(Records from a data collection)
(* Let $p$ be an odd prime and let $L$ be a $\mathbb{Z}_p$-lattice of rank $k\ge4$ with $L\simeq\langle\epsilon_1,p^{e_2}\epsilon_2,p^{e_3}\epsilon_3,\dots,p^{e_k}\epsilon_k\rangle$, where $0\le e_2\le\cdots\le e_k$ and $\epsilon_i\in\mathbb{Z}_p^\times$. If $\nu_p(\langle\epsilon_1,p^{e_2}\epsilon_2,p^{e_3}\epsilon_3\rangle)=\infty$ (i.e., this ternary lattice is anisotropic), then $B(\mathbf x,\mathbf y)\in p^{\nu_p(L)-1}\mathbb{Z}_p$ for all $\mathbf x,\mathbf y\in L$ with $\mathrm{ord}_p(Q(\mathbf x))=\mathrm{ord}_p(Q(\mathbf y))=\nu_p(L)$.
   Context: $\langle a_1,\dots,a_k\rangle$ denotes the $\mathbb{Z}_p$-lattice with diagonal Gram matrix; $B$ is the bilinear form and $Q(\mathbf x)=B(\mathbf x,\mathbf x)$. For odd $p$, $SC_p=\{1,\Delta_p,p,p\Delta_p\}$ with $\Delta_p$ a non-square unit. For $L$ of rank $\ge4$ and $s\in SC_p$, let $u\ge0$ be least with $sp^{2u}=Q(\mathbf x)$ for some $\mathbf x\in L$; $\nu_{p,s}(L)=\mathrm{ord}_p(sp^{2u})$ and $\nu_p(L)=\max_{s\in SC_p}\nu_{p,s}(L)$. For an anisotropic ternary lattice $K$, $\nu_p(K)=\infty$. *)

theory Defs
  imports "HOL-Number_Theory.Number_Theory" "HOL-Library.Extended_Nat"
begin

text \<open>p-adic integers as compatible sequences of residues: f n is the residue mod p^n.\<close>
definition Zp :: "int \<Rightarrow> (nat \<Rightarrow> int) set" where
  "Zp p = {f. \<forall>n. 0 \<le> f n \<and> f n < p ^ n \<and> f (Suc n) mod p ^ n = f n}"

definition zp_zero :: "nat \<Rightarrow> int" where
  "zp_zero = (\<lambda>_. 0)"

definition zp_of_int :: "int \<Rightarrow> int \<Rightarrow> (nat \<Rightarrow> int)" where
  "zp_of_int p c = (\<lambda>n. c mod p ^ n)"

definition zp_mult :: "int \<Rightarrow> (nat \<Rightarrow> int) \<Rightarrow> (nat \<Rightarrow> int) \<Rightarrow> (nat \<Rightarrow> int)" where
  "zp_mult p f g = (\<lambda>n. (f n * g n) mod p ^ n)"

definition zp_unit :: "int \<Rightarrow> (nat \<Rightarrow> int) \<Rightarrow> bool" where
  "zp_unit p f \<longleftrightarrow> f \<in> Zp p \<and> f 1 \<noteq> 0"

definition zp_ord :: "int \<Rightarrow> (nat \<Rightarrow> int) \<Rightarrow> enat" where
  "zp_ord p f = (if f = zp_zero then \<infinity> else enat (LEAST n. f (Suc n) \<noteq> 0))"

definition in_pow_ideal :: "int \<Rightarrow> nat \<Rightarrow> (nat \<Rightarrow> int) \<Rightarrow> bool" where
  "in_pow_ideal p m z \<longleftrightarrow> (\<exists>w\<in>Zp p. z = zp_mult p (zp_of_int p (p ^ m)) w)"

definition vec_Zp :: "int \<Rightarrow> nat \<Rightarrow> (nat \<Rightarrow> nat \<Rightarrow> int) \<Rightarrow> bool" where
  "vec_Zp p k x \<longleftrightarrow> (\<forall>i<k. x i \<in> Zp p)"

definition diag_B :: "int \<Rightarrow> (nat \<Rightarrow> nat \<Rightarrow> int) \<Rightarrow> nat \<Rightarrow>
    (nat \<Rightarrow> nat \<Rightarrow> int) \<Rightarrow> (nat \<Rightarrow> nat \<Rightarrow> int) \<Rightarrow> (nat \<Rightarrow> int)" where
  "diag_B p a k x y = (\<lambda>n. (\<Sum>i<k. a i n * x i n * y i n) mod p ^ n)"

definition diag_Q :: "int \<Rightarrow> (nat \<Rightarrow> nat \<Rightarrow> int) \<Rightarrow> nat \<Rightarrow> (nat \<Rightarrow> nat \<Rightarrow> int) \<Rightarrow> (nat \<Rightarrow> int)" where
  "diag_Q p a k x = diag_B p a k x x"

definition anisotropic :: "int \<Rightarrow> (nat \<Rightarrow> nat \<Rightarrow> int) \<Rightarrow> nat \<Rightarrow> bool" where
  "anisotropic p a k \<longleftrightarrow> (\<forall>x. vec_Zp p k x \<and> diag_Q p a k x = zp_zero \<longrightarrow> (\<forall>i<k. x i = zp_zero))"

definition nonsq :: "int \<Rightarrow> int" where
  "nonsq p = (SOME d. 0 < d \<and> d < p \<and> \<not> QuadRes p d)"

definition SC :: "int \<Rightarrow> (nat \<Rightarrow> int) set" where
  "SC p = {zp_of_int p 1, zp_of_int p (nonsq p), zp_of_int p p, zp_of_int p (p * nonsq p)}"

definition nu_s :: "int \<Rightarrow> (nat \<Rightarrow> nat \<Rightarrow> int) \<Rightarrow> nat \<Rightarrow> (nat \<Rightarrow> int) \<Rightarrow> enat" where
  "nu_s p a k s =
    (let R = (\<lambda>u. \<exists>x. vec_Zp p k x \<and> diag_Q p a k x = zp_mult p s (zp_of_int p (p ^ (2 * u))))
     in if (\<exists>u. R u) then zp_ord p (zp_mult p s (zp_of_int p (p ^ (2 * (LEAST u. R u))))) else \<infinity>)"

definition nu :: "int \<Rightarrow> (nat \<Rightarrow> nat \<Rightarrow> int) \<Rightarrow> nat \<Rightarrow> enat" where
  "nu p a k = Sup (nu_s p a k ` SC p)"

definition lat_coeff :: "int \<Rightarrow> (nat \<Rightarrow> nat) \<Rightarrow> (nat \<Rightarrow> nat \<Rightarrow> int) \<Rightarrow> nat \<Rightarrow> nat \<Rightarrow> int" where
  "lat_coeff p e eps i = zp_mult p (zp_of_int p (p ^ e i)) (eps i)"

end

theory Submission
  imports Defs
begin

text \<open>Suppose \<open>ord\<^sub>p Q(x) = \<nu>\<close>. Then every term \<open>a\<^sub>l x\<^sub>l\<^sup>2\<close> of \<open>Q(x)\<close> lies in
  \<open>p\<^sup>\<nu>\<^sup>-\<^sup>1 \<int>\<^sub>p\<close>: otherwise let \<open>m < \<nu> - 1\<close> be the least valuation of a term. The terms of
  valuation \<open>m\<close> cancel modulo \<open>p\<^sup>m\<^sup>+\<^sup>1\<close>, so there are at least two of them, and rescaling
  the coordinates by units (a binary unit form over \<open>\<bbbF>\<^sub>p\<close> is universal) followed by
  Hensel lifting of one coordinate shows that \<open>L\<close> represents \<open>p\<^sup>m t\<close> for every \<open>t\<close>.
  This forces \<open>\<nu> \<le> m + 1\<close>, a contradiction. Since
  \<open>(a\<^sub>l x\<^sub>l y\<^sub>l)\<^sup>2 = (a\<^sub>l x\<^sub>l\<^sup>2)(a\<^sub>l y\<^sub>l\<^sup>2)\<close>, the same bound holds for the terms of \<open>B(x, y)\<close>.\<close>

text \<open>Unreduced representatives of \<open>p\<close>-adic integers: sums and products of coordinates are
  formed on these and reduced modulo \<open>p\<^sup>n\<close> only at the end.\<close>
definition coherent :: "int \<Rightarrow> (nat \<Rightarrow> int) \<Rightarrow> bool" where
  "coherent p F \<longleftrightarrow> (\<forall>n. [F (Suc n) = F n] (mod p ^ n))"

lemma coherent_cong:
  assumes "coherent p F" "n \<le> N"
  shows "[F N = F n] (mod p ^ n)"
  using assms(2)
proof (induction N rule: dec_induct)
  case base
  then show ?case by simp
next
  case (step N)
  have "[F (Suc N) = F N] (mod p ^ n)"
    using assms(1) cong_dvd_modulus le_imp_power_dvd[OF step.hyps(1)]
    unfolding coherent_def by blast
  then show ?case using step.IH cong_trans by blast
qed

==

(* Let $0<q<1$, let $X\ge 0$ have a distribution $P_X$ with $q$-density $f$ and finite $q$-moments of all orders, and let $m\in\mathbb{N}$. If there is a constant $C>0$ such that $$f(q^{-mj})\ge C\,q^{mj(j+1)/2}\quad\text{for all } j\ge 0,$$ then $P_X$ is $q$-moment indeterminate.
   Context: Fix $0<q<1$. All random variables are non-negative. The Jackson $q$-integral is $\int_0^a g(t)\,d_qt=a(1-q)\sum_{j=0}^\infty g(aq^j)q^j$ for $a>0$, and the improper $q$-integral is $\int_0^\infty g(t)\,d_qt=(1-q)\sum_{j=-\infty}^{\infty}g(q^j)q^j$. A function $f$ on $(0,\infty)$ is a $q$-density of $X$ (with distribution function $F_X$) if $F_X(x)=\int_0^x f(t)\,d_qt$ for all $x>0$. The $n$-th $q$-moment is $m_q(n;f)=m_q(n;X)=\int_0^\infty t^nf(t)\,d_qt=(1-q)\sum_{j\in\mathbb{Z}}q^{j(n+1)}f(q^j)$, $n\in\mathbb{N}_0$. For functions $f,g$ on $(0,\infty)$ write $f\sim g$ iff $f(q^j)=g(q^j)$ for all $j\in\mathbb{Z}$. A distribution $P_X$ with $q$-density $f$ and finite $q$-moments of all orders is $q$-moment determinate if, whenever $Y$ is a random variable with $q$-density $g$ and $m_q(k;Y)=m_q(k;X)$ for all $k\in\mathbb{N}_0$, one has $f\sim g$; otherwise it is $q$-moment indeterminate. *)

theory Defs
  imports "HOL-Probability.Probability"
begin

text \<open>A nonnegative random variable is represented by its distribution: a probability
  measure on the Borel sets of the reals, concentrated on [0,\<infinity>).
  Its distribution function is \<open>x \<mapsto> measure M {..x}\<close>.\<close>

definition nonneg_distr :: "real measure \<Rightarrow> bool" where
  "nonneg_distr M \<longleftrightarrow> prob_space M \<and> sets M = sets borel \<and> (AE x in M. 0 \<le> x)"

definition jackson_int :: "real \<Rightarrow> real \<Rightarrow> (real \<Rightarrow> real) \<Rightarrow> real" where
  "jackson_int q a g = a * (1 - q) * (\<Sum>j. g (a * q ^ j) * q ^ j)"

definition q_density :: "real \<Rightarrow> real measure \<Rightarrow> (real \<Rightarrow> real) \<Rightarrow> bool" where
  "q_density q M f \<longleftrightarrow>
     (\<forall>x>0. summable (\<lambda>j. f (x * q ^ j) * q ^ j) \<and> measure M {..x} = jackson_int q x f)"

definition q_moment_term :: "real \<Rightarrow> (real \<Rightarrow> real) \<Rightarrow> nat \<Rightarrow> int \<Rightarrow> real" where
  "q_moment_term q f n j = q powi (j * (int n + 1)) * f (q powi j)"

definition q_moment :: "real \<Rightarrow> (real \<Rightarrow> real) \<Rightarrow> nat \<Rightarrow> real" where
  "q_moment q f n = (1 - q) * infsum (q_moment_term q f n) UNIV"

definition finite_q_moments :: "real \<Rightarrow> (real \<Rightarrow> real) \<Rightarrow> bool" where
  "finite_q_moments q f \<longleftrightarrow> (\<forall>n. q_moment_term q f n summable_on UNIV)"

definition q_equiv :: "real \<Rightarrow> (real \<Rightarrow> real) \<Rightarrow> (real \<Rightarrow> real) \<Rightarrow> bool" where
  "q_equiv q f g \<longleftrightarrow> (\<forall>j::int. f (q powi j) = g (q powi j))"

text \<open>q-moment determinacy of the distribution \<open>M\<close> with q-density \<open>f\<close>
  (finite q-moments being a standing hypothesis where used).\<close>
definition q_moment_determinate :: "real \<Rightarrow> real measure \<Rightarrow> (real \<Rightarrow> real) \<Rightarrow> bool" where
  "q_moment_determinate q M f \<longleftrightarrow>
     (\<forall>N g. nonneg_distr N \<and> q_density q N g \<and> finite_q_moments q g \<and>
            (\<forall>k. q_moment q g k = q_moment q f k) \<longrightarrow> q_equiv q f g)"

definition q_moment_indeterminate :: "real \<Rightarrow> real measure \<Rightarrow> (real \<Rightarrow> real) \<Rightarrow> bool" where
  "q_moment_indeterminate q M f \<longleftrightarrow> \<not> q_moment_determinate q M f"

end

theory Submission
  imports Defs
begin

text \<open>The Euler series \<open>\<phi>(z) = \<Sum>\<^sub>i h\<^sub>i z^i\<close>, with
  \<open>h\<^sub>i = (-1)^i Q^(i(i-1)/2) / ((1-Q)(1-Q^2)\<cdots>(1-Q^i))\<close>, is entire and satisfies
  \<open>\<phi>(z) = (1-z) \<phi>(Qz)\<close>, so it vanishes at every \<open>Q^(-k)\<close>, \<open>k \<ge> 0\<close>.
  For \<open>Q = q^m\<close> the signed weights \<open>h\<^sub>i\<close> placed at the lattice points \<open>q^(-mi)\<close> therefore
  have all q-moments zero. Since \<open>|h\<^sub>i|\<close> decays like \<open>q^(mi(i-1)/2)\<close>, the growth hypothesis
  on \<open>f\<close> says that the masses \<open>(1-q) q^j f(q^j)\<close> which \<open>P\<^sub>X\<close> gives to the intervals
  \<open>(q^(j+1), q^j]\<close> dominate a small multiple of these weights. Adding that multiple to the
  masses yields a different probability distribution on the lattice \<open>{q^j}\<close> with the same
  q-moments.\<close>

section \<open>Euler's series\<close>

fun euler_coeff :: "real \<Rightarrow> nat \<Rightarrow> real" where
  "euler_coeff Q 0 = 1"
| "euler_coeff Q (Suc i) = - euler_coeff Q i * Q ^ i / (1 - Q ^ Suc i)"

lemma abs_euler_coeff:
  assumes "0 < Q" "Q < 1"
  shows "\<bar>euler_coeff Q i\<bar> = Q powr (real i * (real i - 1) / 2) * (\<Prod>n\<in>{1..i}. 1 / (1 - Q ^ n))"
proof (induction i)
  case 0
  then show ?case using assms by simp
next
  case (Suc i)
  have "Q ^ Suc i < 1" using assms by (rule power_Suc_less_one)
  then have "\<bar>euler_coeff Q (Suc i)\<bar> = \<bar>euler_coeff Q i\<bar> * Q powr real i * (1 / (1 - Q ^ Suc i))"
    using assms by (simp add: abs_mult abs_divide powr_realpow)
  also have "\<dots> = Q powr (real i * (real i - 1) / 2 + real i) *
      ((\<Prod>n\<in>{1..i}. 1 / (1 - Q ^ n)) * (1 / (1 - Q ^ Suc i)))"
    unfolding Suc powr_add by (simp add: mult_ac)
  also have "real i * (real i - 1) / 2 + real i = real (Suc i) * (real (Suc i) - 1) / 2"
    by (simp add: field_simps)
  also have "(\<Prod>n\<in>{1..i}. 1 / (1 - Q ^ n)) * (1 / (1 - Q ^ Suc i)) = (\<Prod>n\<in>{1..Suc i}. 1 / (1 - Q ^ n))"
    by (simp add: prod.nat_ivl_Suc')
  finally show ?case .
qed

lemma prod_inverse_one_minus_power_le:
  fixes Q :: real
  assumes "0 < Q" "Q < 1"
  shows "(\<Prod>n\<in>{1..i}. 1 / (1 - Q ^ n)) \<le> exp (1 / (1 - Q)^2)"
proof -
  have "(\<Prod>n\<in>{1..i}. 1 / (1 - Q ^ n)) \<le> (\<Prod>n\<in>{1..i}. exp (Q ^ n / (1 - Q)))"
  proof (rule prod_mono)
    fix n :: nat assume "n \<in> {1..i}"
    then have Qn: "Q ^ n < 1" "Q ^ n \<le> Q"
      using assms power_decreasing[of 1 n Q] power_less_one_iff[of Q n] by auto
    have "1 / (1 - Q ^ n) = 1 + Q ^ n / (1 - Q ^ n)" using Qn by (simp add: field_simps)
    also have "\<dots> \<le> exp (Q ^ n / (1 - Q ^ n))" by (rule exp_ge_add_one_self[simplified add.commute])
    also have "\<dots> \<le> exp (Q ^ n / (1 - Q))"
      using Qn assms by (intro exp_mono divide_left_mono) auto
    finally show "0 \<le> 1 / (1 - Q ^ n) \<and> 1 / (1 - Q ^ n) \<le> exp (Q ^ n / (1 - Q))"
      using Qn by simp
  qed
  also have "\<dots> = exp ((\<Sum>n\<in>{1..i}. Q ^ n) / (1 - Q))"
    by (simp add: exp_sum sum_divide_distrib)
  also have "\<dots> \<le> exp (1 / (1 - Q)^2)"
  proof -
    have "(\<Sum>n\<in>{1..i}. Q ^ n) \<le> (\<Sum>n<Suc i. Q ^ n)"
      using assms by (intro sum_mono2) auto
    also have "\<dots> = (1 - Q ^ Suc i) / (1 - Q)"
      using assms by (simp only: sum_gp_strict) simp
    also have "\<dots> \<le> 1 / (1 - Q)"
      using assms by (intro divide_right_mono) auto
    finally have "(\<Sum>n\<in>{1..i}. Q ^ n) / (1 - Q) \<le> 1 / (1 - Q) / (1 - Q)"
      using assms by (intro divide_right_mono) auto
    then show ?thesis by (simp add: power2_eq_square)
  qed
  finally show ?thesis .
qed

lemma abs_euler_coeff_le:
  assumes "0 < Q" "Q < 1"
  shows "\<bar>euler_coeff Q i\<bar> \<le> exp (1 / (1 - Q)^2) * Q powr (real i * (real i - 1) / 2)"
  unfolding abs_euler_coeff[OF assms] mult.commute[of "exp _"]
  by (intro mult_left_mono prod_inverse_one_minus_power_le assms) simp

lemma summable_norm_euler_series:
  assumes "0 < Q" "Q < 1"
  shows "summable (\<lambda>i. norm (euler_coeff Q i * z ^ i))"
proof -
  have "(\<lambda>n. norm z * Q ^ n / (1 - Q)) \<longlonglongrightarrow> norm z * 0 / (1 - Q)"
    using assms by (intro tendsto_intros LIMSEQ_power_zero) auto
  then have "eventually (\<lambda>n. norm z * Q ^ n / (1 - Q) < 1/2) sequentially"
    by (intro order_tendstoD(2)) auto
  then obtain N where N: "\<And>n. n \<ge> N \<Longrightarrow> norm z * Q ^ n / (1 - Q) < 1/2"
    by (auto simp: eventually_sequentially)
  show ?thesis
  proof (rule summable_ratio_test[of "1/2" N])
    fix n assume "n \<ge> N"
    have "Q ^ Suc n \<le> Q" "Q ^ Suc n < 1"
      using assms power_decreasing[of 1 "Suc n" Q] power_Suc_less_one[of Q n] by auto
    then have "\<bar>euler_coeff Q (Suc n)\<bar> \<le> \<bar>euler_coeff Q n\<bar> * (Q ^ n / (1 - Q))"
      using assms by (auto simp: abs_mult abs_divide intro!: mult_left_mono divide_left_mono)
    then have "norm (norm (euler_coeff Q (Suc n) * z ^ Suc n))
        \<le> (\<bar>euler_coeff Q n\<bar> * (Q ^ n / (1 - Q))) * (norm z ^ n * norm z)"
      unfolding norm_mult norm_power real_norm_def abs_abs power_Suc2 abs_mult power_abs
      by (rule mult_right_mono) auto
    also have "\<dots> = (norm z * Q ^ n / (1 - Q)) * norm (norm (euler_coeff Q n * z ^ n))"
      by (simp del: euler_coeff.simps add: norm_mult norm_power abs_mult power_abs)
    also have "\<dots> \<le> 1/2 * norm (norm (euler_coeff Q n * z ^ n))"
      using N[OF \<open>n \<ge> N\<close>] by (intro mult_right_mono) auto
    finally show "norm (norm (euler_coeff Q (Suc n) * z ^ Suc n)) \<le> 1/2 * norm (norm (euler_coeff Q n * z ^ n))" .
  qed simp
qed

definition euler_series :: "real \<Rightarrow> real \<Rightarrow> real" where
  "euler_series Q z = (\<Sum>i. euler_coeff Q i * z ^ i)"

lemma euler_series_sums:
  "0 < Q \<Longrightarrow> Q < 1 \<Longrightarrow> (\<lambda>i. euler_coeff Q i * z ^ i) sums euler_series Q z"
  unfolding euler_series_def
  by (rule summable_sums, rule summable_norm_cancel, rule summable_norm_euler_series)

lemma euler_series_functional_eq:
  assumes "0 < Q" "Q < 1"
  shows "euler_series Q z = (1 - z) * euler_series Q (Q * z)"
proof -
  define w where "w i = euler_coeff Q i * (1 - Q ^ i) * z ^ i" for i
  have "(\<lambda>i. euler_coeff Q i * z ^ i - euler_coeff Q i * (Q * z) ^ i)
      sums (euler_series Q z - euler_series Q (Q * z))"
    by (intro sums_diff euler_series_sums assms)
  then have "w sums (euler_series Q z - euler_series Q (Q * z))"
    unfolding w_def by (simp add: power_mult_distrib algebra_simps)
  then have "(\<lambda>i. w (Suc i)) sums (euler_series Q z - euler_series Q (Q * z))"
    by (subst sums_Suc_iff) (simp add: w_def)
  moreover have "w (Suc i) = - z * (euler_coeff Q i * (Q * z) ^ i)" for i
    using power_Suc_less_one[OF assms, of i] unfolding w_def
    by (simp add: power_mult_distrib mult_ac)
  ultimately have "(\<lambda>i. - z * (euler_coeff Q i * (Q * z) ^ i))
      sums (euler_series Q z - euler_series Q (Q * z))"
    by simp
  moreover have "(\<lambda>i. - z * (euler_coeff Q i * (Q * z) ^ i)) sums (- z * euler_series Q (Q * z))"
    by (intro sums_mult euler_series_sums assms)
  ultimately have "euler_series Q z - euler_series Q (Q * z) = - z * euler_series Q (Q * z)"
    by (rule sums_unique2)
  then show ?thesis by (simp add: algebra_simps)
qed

• [Problem description]: From the records above, quote only the lines running from the line with "(let R = (\<lambda>u." to the line with "in if (\<exists>u.", both lines included.

• [Written answer]:
    (let R = (\<lambda>u. \<exists>x. vec_Zp p k x \<and> diag_Q p a k x = zp_mult p s (zp_of_int p (p ^ (2 * u))))
     in if (\<exists>u. R u) then zp_ord p (zp_mult p s (zp_of_int p (p ^ (2 * (LEAST u. R u))))) else \<infinity>)"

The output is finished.